Defesa de Brazão acredita em inocência, mas prevê condenação no caso Marielle
Defesa de Brazão prevê condenação no caso Marielle

Defesa de Brazão acredita em inocência, mas prevê condenação no caso Marielle

Os advogados de defesa de Chiquinho e Domingos Brazão mantêm a convicção sobre a inocência do ex-deputado federal e do ex-conselheiro do Tribunal de Contas do Rio de Janeiro no caso do assassinato da ex-vereadora Marielle Franco. No entanto, eles enxergam como praticamente inevitável a condenação dos irmãos, que serão julgados pela Primeira Turma do Supremo Tribunal Federal nesta terça-feira, 24 de junho.

Acusações e réus no processo

Chiquinho e Domingos Brazão estão acusados de serem os mandantes do crime que vitimou Marielle Franco e seu motorista, Anderson Gomes, no centro do Rio de Janeiro na noite de 14 de março de 2018. A dupla retornava de um evento na Lapa quando foi alvejada por disparos de arma de fogo. No veículo, também estava a assessora da vereadora do PSOL, Fernanda Chaves, única sobrevivente do ataque.

Além dos irmãos Brazão, a Primeira Turma do STF julgará outros três acusados:

  • Rivaldo Barbosa de Araújo Júnior, delegado e ex-chefe da Polícia Civil do Rio de Janeiro
  • Ronald Paulo Alves Pereira, major da Polícia Militar
  • Robson Calixto Fonseca, policial militar e ex-assessor de Domingos Brazão

Segundo a Procuradoria-Geral da República, os irmãos Brazão foram os mandantes do assassinato, enquanto Rivaldo Barbosa teria auxiliado no planejamento do crime. Ronald Paulo é acusado de seguir os movimentos de Marielle, e Robson Calixto, conhecido como "peixe", responde por integrar organização criminosa com os Brazão.

Delação e dúvidas processuais

O ponto de partida das investigações foi a delação do ex-policial militar Ronnie Lessa, assassino confesso de Marielle e Anderson. Lessa é apontado como autor dos treze disparos que mataram a vereadora e seu motorista, enquanto Élcio de Queiroz, também condenado, dirigia o veículo utilizado no crime.

A grande incógnita do processo envolve o ex-chefe de polícia Rivaldo Barbosa. A acusação contra ele se baseia exclusivamente na delação de Ronnie Lessa, sem outras provas concretas que sustentem a participação no planejamento. Isso levanta questionamentos sobre como o Supremo Tribunal Federal irá se posicionar diante de um caso fundamentado principalmente em um acordo de colaboração premiada.

Outro aspecto polêmico é o fato de a Delegacia de Homicídios, então chefiada por Rivaldo, nunca ter identificado os executores do crime durante as investigações iniciais. Especialistas ponderam que dificilmente um único delegado conseguiria, sozinho, obstruir a justiça de forma tão eficaz sem a conivência ou ineficiência do Ministério Público.

Motivações e defesas

De acordo com a acusação, a execução de Marielle Franco foi motivada pela atuação política da vereadora, que estaria atrapalhando interesses dos irmãos Brazão relacionados à regularização de áreas controladas por milícias na Zona Oeste do Rio de Janeiro.

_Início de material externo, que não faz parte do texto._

lemma mono_on_LIMSEQ:
  fixes g :: "'a::order \<Rightarrow> real"
  assumes "\<And>x. x \<in> S \<Longrightarrow> (\<lambda>m. F m x) \<longlonglongrightarrow> g x"
    and "\<forall>\<^sub>F m in sequentially. mono_on S (F m)"
  shows "mono_on S g"
proof (rule mono_onI)
  fix x y
  assume "x \<in> S" "y \<in> S" "x \<le> y"
  then have "\<forall>\<^sub>F m in sequentially. F m x \<le> F m y"
    using assms(2) by (auto elim: eventually_mono dest: mono_onD)
  with \<open>x \<in> S\<close> \<open>y \<in> S\<close> show "g x \<le> g y"
    by (intro tendsto_le[OF trivial_limit_sequentially assms(1) assms(1)])
qed

lemma convex_on_LIMSEQ:
  fixes g :: "real \<Rightarrow> real"
  assumes "convex S" "\<And>x. x \<in> S \<Longrightarrow> (\<lambda>m. F m x) \<longlonglongrightarrow> g x"
    and "\<forall>\<^sub>F m in sequentially. convex_on S (F m)"
  shows "convex_on S g"
proof (rule convex_onI[OF _ assms(1)])
  fix t x y :: real
  assume t: "0 < t" "t < 1" and xy: "x \<in> S" "y \<in> S"
  define z where "z = (1 - t) *\<^sub>R x + t *\<^sub>R y"
  have "z \<in> S"
    unfolding z_def using t xy by (intro convexD[OF assms(1)]) auto
  have "F m z \<le> (1 - t) * F m x + t * F m y" if "convex_on S (F m)" for m
    unfolding z_def using convex_onD[OF that, of t x y] t xy by simp
  then have "\<forall>\<^sub>F m in sequentially. F m z \<le> (1 - t) * F m x + t * F m y"
    using assms(3) by (auto elim: eventually_mono)
  moreover have "(\<lambda>m. (1 - t) * F m x + t * F m y) \<longlonglongrightarrow> (1 - t) * g x + t * g y"
    using xy by (intro tendsto_intros assms(2))
  ultimately show "g z \<le> (1 - t) * g x + t * g y"
    by (intro tendsto_le[OF trivial_limit_sequentially _ assms(2)[OF \<open>z \<in> S\<close>]])
qed

lemma holomorphic_on_lipschitz_on:
  fixes f :: "complex \<Rightarrow> complex"
  assumes holo: "f holomorphic_on S" and "open S" "compact K" "convex K" "K \<subseteq> S"
  obtains L where "L-lipschitz_on K f"
proof -
  have "continuous_on K (deriv f)"
    using holomorphic_deriv[OF holo \<open>open S\<close>] \<open>K \<subseteq> S\<close>
    by (intro holomorphic_on_imp_continuous_on) (rule holomorphic_on_subset)
  then have "bounded (deriv f ` K)"
    using \<open>compact K\<close> by (intro compact_imp_bounded compact_continuous_image)
  then obtain L where "L > 0" "\<And>z. z \<in> K \<Longrightarrow> norm (deriv f z) \<le> L"
    by (auto simp: bounded_pos)
  moreover have "(f has_field_derivative deriv f z) (at z within K)" if "z \<in> K" for z
    using holomorphic_derivI[OF holo \<open>open S\<close>] that \<open>K \<subseteq> S\<close> by (blast intro: has_field_derivative_at_within)
  ultimately have "L-lipschitz_on K f"
    using \<open>convex K\<close> by (intro lipschitz_onI) (auto simp: dist_norm intro: field_differentiable_bound)
  then show ?thesis
    by (rule that)
qed

lemma power_powr_commute: "x > 0 \<Longrightarrow> (x ^ n) powr u = (x powr u) ^ n"
  for x u :: real
  by (subst powr_realpow[symmetric]) (simp_all add: powr_powr powr_power mult.commute)

lemma bounded_image_ball:
  fixes f :: "'a::heine_borel \<Rightarrow> 'b::metric_space"
  assumes "continuous_on (cball a R) f" "r \<le> R"
  shows "bounded (f ` ball a r)"
proof -
  have "bounded (f ` cball a R)"
    using assms(1) by (intro compact_imp_bounded compact_continuous_image compact_cball)
  then show ?thesis
    by (rule bounded_subset) (use assms(2) in auto)
qed

lemma bounded_holomorphic_image_ball:
  assumes "f holomorphic_on ball 0 1" "r < 1"
  shows "bounded (f ` ball 0 r)"
proof -
  have "cball 0 r \<subseteq> ball (0::complex) 1"
    using assms(2) by auto
  with assms(1) have "continuous_on (cball 0 r) f"
    by (meson holomorphic_on_imp_continuous_on holomorphic_on_subset)
  then show ?thesis
    by (rule bounded_image_ball) simp
qed

lemma holomorphic_on_prod_pair_diff:
  assumes holo: "f holomorphic_on cball 0 R" and w: "\<And>i. i < n \<Longrightarrow> norm (w i) \<le> 1"
  shows "(\<lambda>\<xi>. \<Prod>(j, k)\<in>pairs n. f (\<xi> * w j) - f (\<xi> * w k)) holomorphic_on cball 0 R"
proof -
  have "(\<lambda>\<xi>. f (\<xi> * w i)) holomorphic_on cball 0 R" if "i < n" for i
  proof -
    have "(\<lambda>\<xi>. \<xi> * w i) ` cball 0 R \<subseteq> cball 0 R"
      using w[OF that] by (auto simp: norm_mult intro!: order_trans[OF mult_left_le])
    then show ?thesis
      using holomorphic_on_compose_gen[OF _ holo, of "\<lambda>\<xi>. \<xi> * w i"]
      by (simp add: o_def holomorphic_intros)
  qed
  then show ?thesis
    unfolding case_prod_unfold by (intro holomorphic_on_prod holomorphic_on_diff) (auto simp: pairs_def)
qed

As defesas dos acusados negaram consistentemente qualquer participação no crime, apontando falhas processuais e sustentando que não existem provas concretas do envolvimento dos réus nas mortes. Em interrogatório no Supremo, todos os acusados negaram qualquer ligação com os assassinatos.

Situação atual dos réus

Chiquinho e Domingos Brazão, Rivaldo Barbosa, Ronald Paulo e Robson Calixto estão presos preventivamente desde 24 de março de 2024, diante do risco de atrapalharem as investigações. Em abril de 2025, Chiquinho Brazão conseguiu o direito de cumprir a prisão em regime domiciliar após a defesa apresentar diagnóstico de múltiplas doenças graves.

Os ex-policiais Ronnie Lessa e Élcio de Queiroz já foram presos e condenados pela execução do crime em 2019, fechando o ciclo dos executores diretos. Agora, o foco do judiciário se volta para os supostos mandantes e organizadores do assassinato que chocou o Brasil e permanece como um dos casos mais emblemáticos da violência política no país.